▸ **Required action**
Retype, word for word, each line between the lines holding "k) = (tail_offset" and "k\<close> by (auto elim: dvdE)", inclusive, and leave the rest of the data alone.

[Stored data entries]
(* Let $k$ be a positive integer with $4\mid k$. Then $S_3(k;4)\ge 4k-5$.
   Context: Let $k,r$ be positive integers with $r\mid k$. A solution to $\mathcal{E}$ is a $k$-tuple $(x_1,\dots,x_k)$ of positive integers (not necessarily distinct) with $\sum_{i=1}^{k-1}x_i=x_k$; it lies in $[1,n]$ if all $x_i\in\{1,\dots,n\}$. Given a coloring $\chi$ of $[1,n]$ with colors in $\{0,1,\dots,r-1\}$ (viewed as integers), a solution is $r$-zero-sum if $\sum_{i=1}^k\chi(x_i)\equiv 0\pmod r$. $S_3(k;r)$ denotes the least positive integer $n$ such that every coloring $\chi:[1,n]\to\{0,1,\dots,r-1\}$ admits an $r$-zero-sum solution to $\mathcal{E}$ in $[1,n]$. *)

theory Defs
  imports Main
begin

definition is_solution :: "nat \<Rightarrow> nat \<Rightarrow> (nat \<Rightarrow> nat) \<Rightarrow> bool" where
  "is_solution k n x \<longleftrightarrow> (\<forall>i\<in>{1..k}. x i \<in> {1..n}) \<and> (\<Sum>i=1..k-1. x i) = x k"

definition zero_sum :: "nat \<Rightarrow> nat \<Rightarrow> (nat \<Rightarrow> nat) \<Rightarrow> (nat \<Rightarrow> nat) \<Rightarrow> bool" where
  "zero_sum k r chi x \<longleftrightarrow> (\<Sum>i=1..k. chi (x i)) mod r = 0"

definition zs_property :: "nat \<Rightarrow> nat \<Rightarrow> nat \<Rightarrow> bool" where
  "zs_property k r n \<longleftrightarrow>
     (\<forall>chi :: nat \<Rightarrow> nat. (\<forall>i\<in>{1..n}. chi i < r) \<longrightarrow>
        (\<exists>x. is_solution k n x \<and> zero_sum k r chi x))"

definition S3 :: "nat \<Rightarrow> nat \<Rightarrow> nat" where
  "S3 k r = (LEAST n. 0 < n \<and> zs_property k r n)"

end

theory Submission
  imports Defs
begin

text \<open>Colour y \<le> k - 2 by y mod 4 and y \<ge> k - 1 by (c y - y) mod 4, where c is
  tail_offset k. For a solution x_1 + ... + x_(k-1) = s every summand y then contributes y plus a
  defect (2 for even y in [k, 2k-3], 1 for y in [2k-2, 3k-4], 0 otherwise) and s contributes
  c s - s, so the colour sum is congruent to c s plus the total defect. Since the x_i - 1 add
  up to s - (k - 1) \<le> 3k - 5, summands with a defect are scarce and force s up, and a short
  case analysis on c s shows that the residue never vanishes.\<close>

definition tail_offset :: "nat \<Rightarrow> nat \<Rightarrow> nat" where
  "tail_offset k y =
     (if y \<le> 2*k - 3 then 2 else if y \<le> 3*k - 4 then (if even y then 1 else 3) else 1)"

text \<open>Over nat, -y is represented by 3y modulo 4.\<close>
definition coloring :: "nat \<Rightarrow> nat \<Rightarrow> nat" where
  "coloring k y = (if y \<le> k - 2 then y else tail_offset k y + 3*y) mod 4"

definition second_block_evens :: "nat \<Rightarrow> nat set" where
  "second_block_evens k = {y. even y \<and> k \<le> y \<and> y \<le> 2*k - 3}"

definition third_block :: "nat \<Rightarrow> nat set" where
  "third_block k = {2*k - 2..3*k - 4}"

definition summands_in :: "nat \<Rightarrow> (nat \<Rightarrow> nat) \<Rightarrow> nat set \<Rightarrow> nat" where
  "summands_in k x A = card {i \<in> {1..k-1}. x i \<in> A}"

lemma summands_in_eq_sum: "summands_in k x A = (\<Sum>i=1..k-1. of_bool (x i \<in> A))"
  by (simp add: summands_in_def Int_def)

lemma coloring_less_4: "coloring k y < 4"
  by (simp add: coloring_def)

lemma coloring_eq_defect:
  assumes "even k" "2 \<le> k" "y \<le> 3*k - 4"
  shows "coloring k y =
    (y + 2 * of_bool (y \<in> second_block_evens k) + of_bool (y \<in> third_block k)) mod 4"
proof -
  consider "y \<le> k - 2" | "k - 1 \<le> y" "y \<le> 2*k - 3" | "2*k - 2 \<le> y" "y \<le> 3*k - 4"
    using assms(3) by linarith
  then show ?thesis
  proof cases
    case 1
    then have "y \<notin> second_block_evens k" "y \<notin> third_block k"
      using assms(2) by (auto simp: second_block_evens_def third_block_def)
    then show ?thesis using 1 by (simp add: coloring_def)
  next
    case 2
    have "odd (k - 1)" using \<open>even k\<close> assms(2) by simp
    then have "even y \<longleftrightarrow> y \<in> second_block_evens k"
      using 2 by (auto simp: second_block_evens_def dest: le_neq_implies_less)
    moreover have "(2 + 3*y) mod 4 = (y + 2 * of_bool (even y)) mod 4"
      by (cases "even y") (simp_all, presburger+)
    moreover have "y \<notin> third_block k" using 2 assms(2) by (auto simp: third_block_def)
    ultimately show ?thesis using 2 assms(2) by (simp add: coloring_def tail_offset_def)
  next
    case 3
    have "((if even y then 1 else 3) + 3*y) mod 4 = (y + 1) mod 4"
      by (cases "even y") (simp_all, presburger+)
    then show ?thesis using 3 assms(2)
      by (simp add: coloring_def tail_offset_def second_block_evens_def third_block_def)
  qed
qed

lemma defect_weight_le:
  assumes "2 \<le> k"
  shows "(k - 1) * of_bool (y \<in> second_block_evens k) + (2*k - 3) * of_bool (y \<in> third_block k)
    \<le> y - 1"
  using assms by (auto simp: second_block_evens_def third_block_def)

lemma solution_excess_sum:
  assumes "is_solution k n x"
  shows "(\<Sum>i=1..k-1. x i - 1) + (k - 1) = x k"
proof -
  have "x i = (x i - 1) + 1" if "i \<in> {1..k-1}" for i
  proof -
    have "i \<in> {1..k}" using that by auto
    then have "1 \<le> x i" using assms by (simp add: is_solution_def)
    then show ?thesis by simp
  qed
  then have "(\<Sum>i=1..k-1. x i) = (\<Sum>i=1..k-1. (x i - 1) + 1)"
    by (rule sum.cong[OF refl])
  also have "\<dots> = (\<Sum>i=1..k-1. x i - 1) + (k - 1)"
    unfolding sum.distrib by simp
  finally show ?thesis using assms by (simp add: is_solution_def)
qed

lemma solution_summand_le:
  assumes "is_solution k n x" "i \<in> {1..k-1}"
  shows "x i - 1 + (k - 1) \<le> x k"
  using member_le_sum[OF assms(2), of "\<lambda>i. x i - 1"] solution_excess_sum[OF assms(1)] by simp

lemma solution_defect_weight_le:
  assumes "is_solution k n x" "2 \<le> k"
  shows "(k - 1) * summands_in k x (second_block_evens k)
    + (2*k - 3) * summands_in k x (third_block k) + (k - 1) \<le> x k"
proof -
  have "(k - 1) * summands_in k x (second_block_evens k)
      + (2*k - 3) * summands_in k x (third_block k)
    = (\<Sum>i=1..k-1. (k - 1) * of_bool (x i \<in> second_block_evens k)
      + (2*k - 3) * of_bool (x i \<in> third_block k))"
    by (simp add: summands_in_eq_sum sum.distrib sum_distrib_left del: sum_of_bool_eq)
  also have "\<dots> \<le> (\<Sum>i=1..k-1. x i - 1)"
    by (intro sum_mono defect_weight_le assms(2))
  finally show ?thesis using solution_excess_sum[OF assms(1)] by linarith
qed

lemma coloring_sum_mod_4:
  assumes "even k" "2 \<le> k" "is_solution k n x" "x k \<le> 4*k - 6"
  shows "(\<Sum>i=1..k. coloring k (x i)) mod 4 =
    (2 * summands_in k x (second_block_evens k) + summands_in k x (third_block k)
      + tail_offset k (x k)) mod 4"
proof -
  let ?e = "summands_in k x (second_block_evens k)" and ?b = "summands_in k x (third_block k)"
  let ?defect = "\<lambda>y. 2 * of_bool (y \<in> second_block_evens k) + of_bool (y \<in> third_block k)"
  have summand_le: "x i \<le> 3*k - 4" if "i \<in> {1..k-1}" for i
    using solution_summand_le[OF assms(3) that] assms(2,4) by linarith
  have "(\<Sum>i=1..k-1. coloring k (x i)) = (\<Sum>i=1..k-1. (x i + ?defect (x i)) mod 4)"
    using coloring_eq_defect[OF assms(1,2)] summand_le by (intro sum.cong) (simp_all add: add.assoc)
  moreover have "(\<Sum>i=1..k-1. x i + ?defect (x i)) = x k + 2*?e + ?b"
    using assms(3) unfolding summands_in_eq_sum
    by (simp add: sum.distrib sum_distrib_left is_solution_def del: sum_of_bool_eq)
  ultimately have summands: "(\<Sum>i=1..k-1. coloring k (x i)) mod 4 = (x k + 2*?e + ?b) mod 4"
    by (simp only: mod_sum_eq)
  have "k - 1 \<le> x k" using solution_excess_sum[OF assms(3)] by linarith
  then have last: "coloring k (x k) = (tail_offset k (x k) + 3 * x k) mod 4"
    using assms(2) by (simp add: coloring_def)
  obtain m where "k = Suc m" using assms(2) by (cases k) auto
  then have "(\<Sum>i=1..k. coloring k (x i)) mod 4
      = ((\<Sum>i=1..k-1. coloring k (x i)) mod 4 + coloring k (x k)) mod 4"
    by (simp add: mod_add_left_eq)
  also have "\<dots> = ((x k + 2*?e + ?b) mod 4 + (tail_offset k (x k) + 3 * x k) mod 4) mod 4"
    by (simp only: summands last)
  also have "\<dots> = (2*?e + ?b + tail_offset k (x k) + 4 * x k) mod 4"
    by (simp add: mod_add_eq algebra_simps)
  finally show ?thesis by simp
qed

lemma defect_sum_mod_4_nonzero:
  fixes k s e b :: nat
  assumes "4 dvd k" "4 \<le> k"
    and weight: "(k - 1) * e + (2*k - 3) * b + (k - 1) \<le> s" and "s \<le> 4*k - 6"
  shows "(2*e + b + tail_offset k s) mod 4 \<noteq> 0"
proof -
  have "even k" using \<open>4 dvd k\<close> by (auto elim: dvdE)
  have e_weight: "k - 1 \<le> (k - 1) * e" if "e \<noteq> 0" using that by simp
  have "b \<le> 1"
  proof (rule ccontr)
    assume "\<not> b \<le> 1"
    then have "2 * (2*k - 3) \<le> (2*k - 3) * b" by simp
    then show False using weight \<open>s \<le> 4*k - 6\<close> \<open>4 \<le> k\<close> by linarith
  qed
  show ?thesis
  proof (cases "b = 0")
    case b0: True
    show ?thesis
    proof (cases "e = 0")
      case True
      then show ?thesis using b0 by (simp add: tail_offset_def)
    next
      case False
      then have "2*k - 2 \<le> s" using e_weight weight by linarith
      then have "odd (tail_offset k s)" using \<open>4 \<le> k\<close> by (simp add: tail_offset_def)
      then have "odd (2*e + b + tail_offset k s)" using b0 by simp
      then show ?thesis by (metis dvd_mod_iff dvd_0_right even_numeral)
    qed
  next
    case False
    with \<open>b \<le> 1\<close> have "b = 1" by simp
    then have "(k - 1) * e + (2*k - 3) + (k - 1) \<le> s" using weight by simp
    then have "e = 0" using e_weight \<open>s \<le> 4*k - 6\<close> \<open>4 \<le> k\<close> by (cases "e = 0") linarith+
    then have "3*k - 4 \<le> s" using weight \<open>b = 1\<close> \<open>4 \<le> k\<close> by simp
    moreover have "even (3*k - 4)" using \<open>even k\<close> \<open>4 \<le> k\<close> by simp
    ultimately have "tail_offset k s = 1" using \<open>4 \<le> k\<close> by (auto simp: tail_offset_def)
    then show ?thesis using \<open>b = 1\<close> \<open>e = 0\<close> by simp
  qed
qed

lemma coloring_no_zero_sum_solution:
  assumes "4 dvd k" "0 < k" "is_solution k n x" "n \<le> 4*k - 6"
  shows "\<not> zero_sum k 4 (coloring k) x"
proof -
  have "4 \<le> k" using assms(1,2) by (simp add: dvd_imp_le)
  have "even k" using assms(1) by (auto elim: dvdE)
  have "x k \<le> n" using assms(2,3) by (simp add: is_solution_def)
  then show ?thesis
    using coloring_sum_mod_4[OF \<open>even k\<close> _ assms(3)] \<open>4 \<le> k\<close> assms(4)
      defect_sum_mod_4_nonzero[OF assms(1) \<open>4 \<le> k\<close> solution_defect_weight_le[OF assms(3)]]
    by (simp add: zero_sum_def)
qed

theorem theorem6:
  fixes k :: nat
  assumes "0 < k" and "4 dvd k"
  shows "\<forall>n. 0 < n \<and> zs_property k 4 n \<longrightarrow> 4 * k - 5 \<le> n"
proof (intro allI impI)
  fix n
  assume "0 < n \<and> zs_property k 4 n"
  then obtain x where "is_solution k n x" "zero_sum k 4 (coloring k) x"
    using coloring_less_4 unfolding zs_property_def by blast
  then show "4 * k - 5 \<le> n"
    using coloring_no_zero_sum_solution[OF assms(2,1)] by fastforce
qed

end
lemma last_req_evicted_less:
  assumes V: "valid_run k T \<sigma> C" and s: "1 \<le> s" "s < s'" "s' \<le> T"
    and p: "p \<in> C (s - 1)" "p \<notin> C s" "p \<in> C (s' - 1)"
  shows "last_req \<sigma> (s - 1) p < last_req \<sigma> (s' - 1) p"
proof -
  have "\<exists>u. s < u \<and> u \<le> s' - 1 \<and> \<sigma> u = p"
    by (rule valid_run_reenter[OF V]) (use s p in auto)
  then obtain u where u: "s < u" "u \<le> s' - 1" "\<sigma> u = p" by blast
  then have "u \<le> last_req \<sigma> (s' - 1) p"
    using last_req_spec(4)[of p \<sigma> "s' - 1" u] by auto
  moreover have "s - 1 \<le> T" using s by simp
  then have "p \<in> \<sigma> ` {1..s - 1}"
    using valid_run_cache[OF V] p(1) by blast
  then have "last_req \<sigma> (s - 1) p \<le> s - 1" by (rule last_req_spec(2))
  ultimately show ?thesis using u(1) by linarith
qed

lemma eviction_edge_of_early_eviction:
  assumes V: "valid_run k T \<sigma> Q" and s: "1 \<le> s" "s \<le> T"
    and e: "e \<in> Q (s - 1)" "e \<notin> Q s" and w: "w \<in> Q (s - 1)"
    and later: "next_req T \<sigma> (s - 1) e < next_req T \<sigma> (s - 1) w"
  defines "j \<equiv> last_req \<sigma> (s - 1) e" and "i \<equiv> last_req \<sigma> (s - 1) w"
  shows "i \<in> {1..T}" "j \<in> {1..T}" "\<sigma> j = e"
    and "\<exists>t. t + 1 \<le> T \<and> \<sigma> j \<in> Q t \<and> \<sigma> j \<notin> Q (t + 1) \<and>
           j \<in> cached_idx \<sigma> Q t \<and> i \<in> cached_idx \<sigma> Q t \<and> nu T \<sigma> j < nu T \<sigma> i"
proof -
  have "Q (s - 1) \<subseteq> \<sigma> ` {1..s - 1}" using valid_run_cache[OF V, of "s - 1"] s by auto
  then have req: "e \<in> \<sigma> ` {1..s - 1}" "w \<in> \<sigma> ` {1..s - 1}" using e w by auto
  show "i \<in> {1..T}" "j \<in> {1..T}" "\<sigma> j = e"
    unfolding i_def j_def using last_req_spec(1-3)[OF req(1)] last_req_spec(1-3)[OF req(2)] s by auto
  have "nu T \<sigma> j < nu T \<sigma> i"
    unfolding i_def j_def using req later by (simp add: nu_last_req)
  moreover have "j \<in> cached_idx \<sigma> Q (s - 1)" "i \<in> cached_idx \<sigma> Q (s - 1)"
    unfolding cached_idx_def i_def j_def using e w by auto
  ultimately show "\<exists>t. t + 1 \<le> T \<and> \<sigma> j \<in> Q t \<and> \<sigma> j \<notin> Q (t + 1) \<and>
           j \<in> cached_idx \<sigma> Q t \<and> i \<in> cached_idx \<sigma> Q t \<and> nu T \<sigma> j < nu T \<sigma> i"
    using \<open>\<sigma> j = e\<close> e s by (intro exI[of _ "s - 1"]) simp
qed
lemma pivot_lower_mult_elim_upper:
  assumes M: "M \<in> carrier_mat (off ns (Suc r)) (off ns (Suc r))"
    and tridiagonal: "\<And>i j. i \<in> {1..r} \<Longrightarrow> j \<in> {1..r} \<Longrightarrow> i + 1 < j \<or> j + 1 < i \<Longrightarrow>
                        blk ns M i j = 0\<^sub>m (ns i) (ns j)"
    and P_first: "P 1 = blk ns M 1 1"
    and P_next: "\<And>i. i \<in> {1..<r} \<Longrightarrow>
                   P (Suc i) = blk ns M (Suc i) (Suc i) - blk ns M (Suc i) i * minv (P i) * blk ns M i (Suc i)"
  shows "mat_of_blocks ns r (pivot_lower ns M P) * mat_of_blocks ns r (elim_upper ns M P) = M"
proof -
  have "mat_of_blocks ns r (pivot_lower ns M P) * mat_of_blocks ns r (elim_upper ns M P)
      = mat_of_blocks ns r (blk ns M)"
  proof (rule mat_of_blocks_mult_lower_bidiagonal)
    show "pivot_lower ns M P i t = 0\<^sub>m (ns i) (ns t)" if "t \<noteq> i" "Suc t \<noteq> i" for i t
      using that by (simp add: pivot_lower_def)
    fix i j assume i: "i \<in> {1..r}" and j: "j \<in> {1..r}"
    consider "j = i" | "j = Suc i" | "i = Suc j" | "i + 1 < j \<or> j + 1 < i" by linarith
    then show "pivot_lower ns M P i i * elim_upper ns M P i j + (if i = 1 then 0\<^sub>m (ns i) (ns j)
        else pivot_lower ns M P i (i - 1) * elim_upper ns M P (i - 1) j) = blk ns M i j"
    proof cases
      case 1
      then show ?thesis using pivot_lower_elim_upper_diagonal[OF i P_first P_next] by (simp only:)
    next
      case 2
      then have i': "i \<in> {1..<r}" using i j by auto
      have "P i * (minv (P i) * blk ns M i j) = P i * minv (P i) * blk ns M i j"
        by (rule assoc_mult_mat[symmetric, OF P_carrier[OF i] minv_pivot(1)[OF i'] blk_carrier[of ns M i j]])
      then have "P i * (minv (P i) * blk ns M i j) = blk ns M i j"
        using minv_pivot(2)[OF i'] by simp
      moreover have "i \<noteq> 1 \<Longrightarrow> elim_upper ns M P (i - 1) j = 0\<^sub>m (ns (i - 1)) (ns j)"
        using 2 i by (auto simp: elim_upper_def)
      ultimately show ?thesis using 2 i by (auto simp: pivot_lower_def elim_upper_def)
    next
      case 3
      then show ?thesis using P_carrier[OF i] j by (simp add: pivot_lower_def elim_upper_def)
    next
      case 4
      then have "elim_upper ns M P i j = 0\<^sub>m (ns i) (ns j)"
        and "i \<noteq> 1 \<Longrightarrow> elim_upper ns M P (i - 1) j = 0\<^sub>m (ns (i - 1)) (ns j)"
        by (auto simp: elim_upper_def)
      then show ?thesis using P_carrier[OF i] tridiagonal[OF i j 4] by (simp add: pivot_lower_def)
    qed
  qed (simp_all add: pivot_lower_carrier elim_upper_carrier)
  then show ?thesis using mat_of_blocks_blk[OF M] by simp
qed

▸ **Written answer**
  then have last: "coloring k (x k) = (tail_offset k (x k) + 3 * x k) mod 4"
    using assms(2) by (simp add: coloring_def)
  obtain m where "k = Suc m" using assms(2) by (cases k) auto
  then have "(\<Sum>i=1..k. coloring k (x i)) mod 4
      = ((\<Sum>i=1..k-1. coloring k (x i)) mod 4 + coloring k (x k)) mod 4"
    by (simp add: mod_add_left_eq)
  also have "\<dots> = ((x k + 2*?e + ?b) mod 4 + (tail_offset k (x k) + 3 * x k) mod 4) mod 4"
    by (simp only: summands last)
  also have "\<dots> = (2*?e + ?b + tail_offset k (x k) + 4 * x k) mod 4"
    by (simp add: mod_add_eq algebra_simps)
  finally show ?thesis by simp
qed

lemma defect_sum_mod_4_nonzero:
  fixes k s e b :: nat
  assumes "4 dvd k" "4 \<le> k"
    and weight: "(k - 1) * e + (2*k - 3) * b + (k - 1) \<le> s" and "s \<le> 4*k - 6"
  shows "(2*e + b + tail_offset k s) mod 4 \<noteq> 0"
proof -
  have "even k" using \<open>4 dvd k\<close> by (auto elim: dvdE)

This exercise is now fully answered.